== What the exercise asks ==
Begin at the line below that has "using q_has_derivatives by" and stop after the line that has "(q t)) has_real_derivative". Please restate only those lines, word for word.

------------------------------------------------

lemma kron_diff_row_diagonally_dominant:
  fixes Dx Gx :: "'a \<Rightarrow> 'a \<Rightarrow> real" and Dy Gy :: "'b \<Rightarrow> 'b \<Rightarrow> real"
  assumes "finite J" and "finite K" and "i \<in> J" and "j \<in> K"
    and "\<And>k. k \<noteq> i \<Longrightarrow> Dx i k = 0" and "\<And>l. l \<noteq> j \<Longrightarrow> Dy j l = 0"
    and "\<And>k. k \<in> J \<Longrightarrow> 0 < Gx i k" and "\<And>l. l \<in> K \<Longrightarrow> 0 < Gy j l"
    and "(\<Sum>k\<in>J. Gx i k) \<le> Dx i i" and "(\<Sum>l\<in>K. Gy j l) \<le> Dy j j"
  shows "(\<Sum>q\<in>J \<times> K - {(i, j)}. \<bar>kron_diff Dx Gx Dy Gy (i, j) q\<bar>) \<le> kron_diff Dx Gx Dy Gy (i, j) (i, j)"
    and "(\<Sum>q\<in>J \<times> K - {(i, j)}. \<bar>kron_diff Dx Gx Dy Gy (i, j) q\<bar>) \<le> Dx i i * Dy j j"
proof -
  have "0 \<le> (\<Sum>k\<in>J. Gx i k)" "0 \<le> (\<Sum>l\<in>K. Gy j l)" and diag: "0 < Gx i i * Gy j j"
    using assms(3,4,7,8) by (auto intro: sum_nonneg less_imp_le)
  then have sums: "(\<Sum>k\<in>J. Gx i k) * (\<Sum>l\<in>K. Gy j l) \<le> Dx i i * Dy j j"
    using assms(9,10) by (intro mult_mono) auto
  have offdiag: "(\<Sum>q\<in>J \<times> K - {(i, j)}. \<bar>kron_diff Dx Gx Dy Gy (i, j) q\<bar>)
                 = (\<Sum>k\<in>J. Gx i k) * (\<Sum>l\<in>K. Gy j l) - Gx i i * Gy j j"
    by (rule kron_diff_offdiag_row_sum) (use assms in auto)
  show "(\<Sum>q\<in>J \<times> K - {(i, j)}. \<bar>kron_diff Dx Gx Dy Gy (i, j) q\<bar>) \<le> kron_diff Dx Gx Dy Gy (i, j) (i, j)"
    using sums unfolding offdiag by (simp add: kron_diff_def)
  show "(\<Sum>q\<in>J \<times> K - {(i, j)}. \<bar>kron_diff Dx Gx Dy Gy (i, j) q\<bar>) \<le> Dx i i * Dy j j"
    using sums diag unfolding offdiag by linarith
qed
lemma q_continuous:
  "continuous_on UNIV q" "continuous_on UNIV (deriv q)" "continuous_on UNIV (deriv (deriv q))"
  using q_has_derivatives by (meson DERIV_isCont continuous_at_imp_continuous_on)+

lemma r_pos: "r t > 0"
  using q_pos by (simp add: r_def)

lemma r_squared: "r t ^ 2 = q t"
  using q_pos[of t] by (simp add: r_def less_imp_le)

lemma r_mult_self: "r t * r t = q t"
  using r_squared[of t] by (simp add: power2_eq_square)

lemma r_has_derivative: "(r has_real_derivative deriv q t / (2 * r t)) (at t)"
proof -
  have "((\<lambda>t. sqrt (q t)) has_real_derivative inverse (sqrt (q t)) / 2 * deriv q t) (at t)"
    by (rule DERIV_chain2[OF DERIV_real_sqrt[OF q_pos] q_has_derivatives(1)])
  then show ?thesis by (simp add: r_def field_simps)
qed

lemma r_continuous: "continuous_on UNIV r"
  using r_has_derivative by (meson DERIV_isCont continuous_at_imp_continuous_on)

lemma xmap_has_derivative: "(xmap q has_real_derivative r t) (at t)"
  unfolding xmap_def r_def
  by (rule sint_has_derivative) (auto intro!: continuous_intros q_continuous)

lemma xmap_continuous: "continuous_on UNIV (xmap q)"
  using xmap_has_derivative by (meson DERIV_isCont continuous_at_imp_continuous_on)

text \<open>\<open>x\<close> is strictly increasing since \<open>x' = r > 0\<close>; with surjectivity it is a bijection.\<close>
lemma xmap_inj: "inj (xmap q)"
proof -
  have "strict_mono (xmap q)"
  proof (rule strict_monoI)
    fix a b :: real
    assume "a < b"
    then show "xmap q a < xmap q b"
      using xmap_has_derivative r_pos by (intro DERIV_pos_imp_increasing[of a b "xmap q"]) blast+
  qed
  then show ?thesis by (rule strict_mono_imp_inj_on)
qed

lemma tinv_xmap: "tinv (xmap q t) = t"
  unfolding tinv_def using xmap_inj by simp
lemma sum_le_prefix_suffix:
  fixes f :: "nat \<Rightarrow> real"
  assumes "\<And>i. i < m \<Longrightarrow> f i \<le> c" and "\<And>k. (\<Sum>j<k. f (m + j)) \<le> real k * c"
  shows "(\<Sum>i<n. f i) \<le> real n * c"
proof (cases "n \<le> m")
  case True
  then show ?thesis
    using sum_bounded_above[of "{..<n}" f c] assms(1) by simp
next
  case False
  then obtain k where k: "n = m + k"
    using le_Suc_ex nat_le_linear by blast
  have "(\<Sum>i<m. f i) \<le> real m * c"
    using sum_bounded_above[of "{..<m}" f c] assms(1) by simp
  moreover have "(\<Sum>i<n. f i) = (\<Sum>i<m. f i) + (\<Sum>j<k. f (m + j))"
    unfolding k by (induction k) (simp_all add: add.assoc)
  ultimately show ?thesis
    using assms(2)[of k] k by (simp add: distrib_right)
qed

lemma not_unstable_meanD:
  assumes "\<not> unstable_mean F U Q" and "\<epsilon> > 0"
  shows "\<exists>x\<in>Q. \<exists>\<delta>>0. \<exists>\<omega>\<in>ctrls U. \<forall>y\<in>ball x \<delta> \<inter> Q. \<forall>n\<ge>1. mean_dist F Q y \<omega> n < \<epsilon>"
  using assms unfolding unstable_mean_def mean_dist_def by (meson not_le)

lemma equi_inv_mean_pointI:
  assumes "z \<in> Q"
    and "\<And>\<epsilon>. \<epsilon> > 0 \<Longrightarrow> \<exists>\<eta>>0. \<exists>\<omega>\<in>ctrls U. \<forall>y\<in>ball z \<eta> \<inter> Q. \<forall>n\<ge>1. mean_dist F Q y \<omega> n < \<epsilon>"
  shows "equi_inv_mean_point F U Q z"
  using assms unfolding equi_inv_mean_point_def mean_dist_def by meson

text \<open>The trajectory from z must enter the interior of Q near x, so that nearby initial points
  still arrive in Q, where the mean bound at x applies.\<close>

lemma mean_dist_bound_spreads:
  assumes F: "\<And>u. u \<in> U \<Longrightarrow> continuous_on UNIV (\<lambda>x. F x u)"
    and Q: "control_set F U Q" and dense: "closure (interior Q) = closure Q"
    and z: "z \<in> Q" and x: "x \<in> Q" and "\<delta> > 0" and \<omega>: "\<omega> \<in> ctrls U" and "\<epsilon> > 0"
    and bound: "\<forall>y\<in>ball x \<delta> \<inter> Q. \<forall>n\<ge>1. mean_dist F Q y \<omega> n \<le> \<epsilon>"
  shows "\<exists>\<eta>>0. \<exists>\<omega>'\<in>ctrls U. \<forall>y\<in>ball z \<eta> \<inter> Q. \<forall>n\<ge>1. mean_dist F Q y \<omega>' n \<le> \<epsilon>"
proof -
  define W where "W = ball x \<delta> \<inter> interior Q"
  have W_sub: "W \<subseteq> ball x \<delta> \<inter> Q"
    using interior_subset[of Q] by (auto simp: W_def)
  have "open W"
    by (simp add: W_def open_Int)
  have "x \<in> closure (interior Q)"
    using dense x closure_subset by blast
  then obtain p where "p \<in> interior Q" "dist p x < \<delta>"
    using \<open>\<delta> > 0\<close> unfolding closure_approachable by blast
  then have "p \<in> W \<inter> Q"
    using W_sub by (auto simp: W_def dist_commute)
  then have "W \<inter> Q \<noteq> {}"
    by blast
  moreover have "ctrl_set_props F U Q"
    using Q by (simp add: control_set_def)
  ultimately obtain m \<omega>1 where \<omega>1: "\<omega>1 \<in> ctrls U" "phi F m z \<omega>1 \<in> W"
    using ctrl_set_props_reach_open[OF _ z \<open>open W\<close>] by metis
  obtain \<eta> where "\<eta> > 0" and close: "\<And>y i. y \<in> ball z \<eta> \<Longrightarrow> i \<le> m \<Longrightarrow>
      dist (phi F i y \<omega>1) (phi F i z \<omega>1) < \<epsilon>" and
    arrive: "\<And>y. y \<in> ball z \<eta> \<Longrightarrow> phi F m y \<omega>1 \<in> W"
    using phi_finite_horizon_nhd[OF F \<omega>1(1) \<open>open W\<close> \<omega>1(2) \<open>\<epsilon> > 0\<close>] by blast
  have mQ: "phi F m z \<omega>1 \<in> Q"
    using \<omega>1(2) W_sub by blast
  have stays: "phi F i z \<omega>1 \<in> Q" if "i \<le> m" for i
    using control_set_trajectory_stays[OF F Q z \<omega>1(1) mQ that] .
  have "mean_dist F Q y (ctrl_append m \<omega>1 \<omega>) n \<le> \<epsilon>"
    if y: "y \<in> ball z \<eta>" and "n \<ge> 1" for y n
    unfolding mean_dist_le_iff[OF \<open>n \<ge> 1\<close>]
  proof (rule sum_le_prefix_suffix)
    fix i assume "i < m"
    then have "dist (phi F i y \<omega>1) (phi F i z \<omega>1) \<le> \<epsilon>"
      using close[OF y] by (simp add: less_imp_le)
    then have "infdist (phi F i y \<omega>1) Q \<le> \<epsilon>"
      using infdist_le2[OF stays[of i]] \<open>i < m\<close> by simp
    then show "infdist (phi F i y (ctrl_append m \<omega>1 \<omega>)) Q \<le> \<epsilon>"
      using \<open>i < m\<close> by (simp add: phi_ctrl_append_le)
  next
    fix k :: nat
    have "phi F m y \<omega>1 \<in> ball x \<delta> \<inter> Q"
      using arrive[OF y] W_sub by blast
    then have "(\<Sum>j<k. infdist (phi F j (phi F m y \<omega>1) \<omega>) Q) \<le> real k * \<epsilon>"
      using bound by (cases "k = 0") (simp_all add: mean_dist_le_iff)
    then show "(\<Sum>j<k. infdist (phi F (m + j) y (ctrl_append m \<omega>1 \<omega>)) Q) \<le> real k * \<epsilon>"
      by (simp add: phi_ctrl_append_add)
  qed
  then show ?thesis
    using \<open>\<eta> > 0\<close> ctrl_append_in_ctrls[OF \<omega>1(1) \<omega>] by blast
qed
text \<open>
  The sets \<open>Y(K,v)\<close> form a neighbourhood basis: two of them containing a point \<open>y\<close> both
  contain \<open>Y(L,w)\<close>, where \<open>L\<close> is a compositum and \<open>w\<close> the place of \<open>L\<close> below \<open>y\<close>
  (a finite-dimensional \<open>\<rat>\<close>-subalgebra of \<open>\<complex>\<close> is a field, so composita exist).
  Hence a locally constant \<open>f\<close> is constant on some \<open>Y(K\<^sub>x,v\<^sub>x)\<close> around every point \<open>x\<close>
  of the closure of its support; by compactness finitely many of them suffice, and over a
  common field \<open>K\<close> each \<open>Y(K,v)\<close> meeting that closure lies inside one of them.
  Finally the \<open>Y(K,v)\<close>, \<open>v \<in> M\<^sub>K(S)\<close>, are pairwise disjoint open sets covering \<open>X\<close>,
  so by compactness only finitely many of them meet the support.
\<close>

section \<open>Number fields as finite-dimensional \<open>\<rat>\<close>-subalgebras\<close>

definition rat_scale :: "rat \<Rightarrow> complex \<Rightarrow> complex" where
  "rat_scale q z = of_rat q * z"

interpretation Q: vector_space rat_scale
  by unfold_locales (auto simp: rat_scale_def algebra_simps of_rat_add of_rat_mult)

lemma rat_combinations_eq_span:
  assumes "finite B"
  shows "{\<Sum>b\<in>B. c b * b | c. \<forall>b\<in>B. c b \<in> \<rat>} = Q.span B"
proof -
  have "(\<exists>c. x = (\<Sum>b\<in>B. c b * b) \<and> (\<forall>b\<in>B. c b \<in> \<rat>)) \<longleftrightarrow>
        (\<exists>u. x = (\<Sum>b\<in>B. rat_scale (u b) b))" for x
  proof
    assume "\<exists>c. x = (\<Sum>b\<in>B. c b * b) \<and> (\<forall>b\<in>B. c b \<in> \<rat>)"
    then obtain c where c: "x = (\<Sum>b\<in>B. c b * b)" "\<forall>b\<in>B. of_rat (inv of_rat (c b)) = c b"
      by (metis Rats_def f_inv_into_f)
    then show "\<exists>u. x = (\<Sum>b\<in>B. rat_scale (u b) b)"
      by (intro exI[of _ "\<lambda>b. inv of_rat (c b)"]) (simp add: rat_scale_def)
  qed (auto simp: rat_scale_def)
  then show ?thesis
    using Q.span_finite[OF assms] by auto
qed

------------------------------------------------

== Written solution ==
  using q_has_derivatives by (meson DERIV_isCont continuous_at_imp_continuous_on)+

lemma r_pos: "r t > 0"
  using q_pos by (simp add: r_def)

lemma r_squared: "r t ^ 2 = q t"
  using q_pos[of t] by (simp add: r_def less_imp_le)

lemma r_mult_self: "r t * r t = q t"
  using r_squared[of t] by (simp add: power2_eq_square)

lemma r_has_derivative: "(r has_real_derivative deriv q t / (2 * r t)) (at t)"
proof -
  have "((\<lambda>t. sqrt (q t)) has_real_derivative inverse (sqrt (q t)) / 2 * deriv q t) (at t)"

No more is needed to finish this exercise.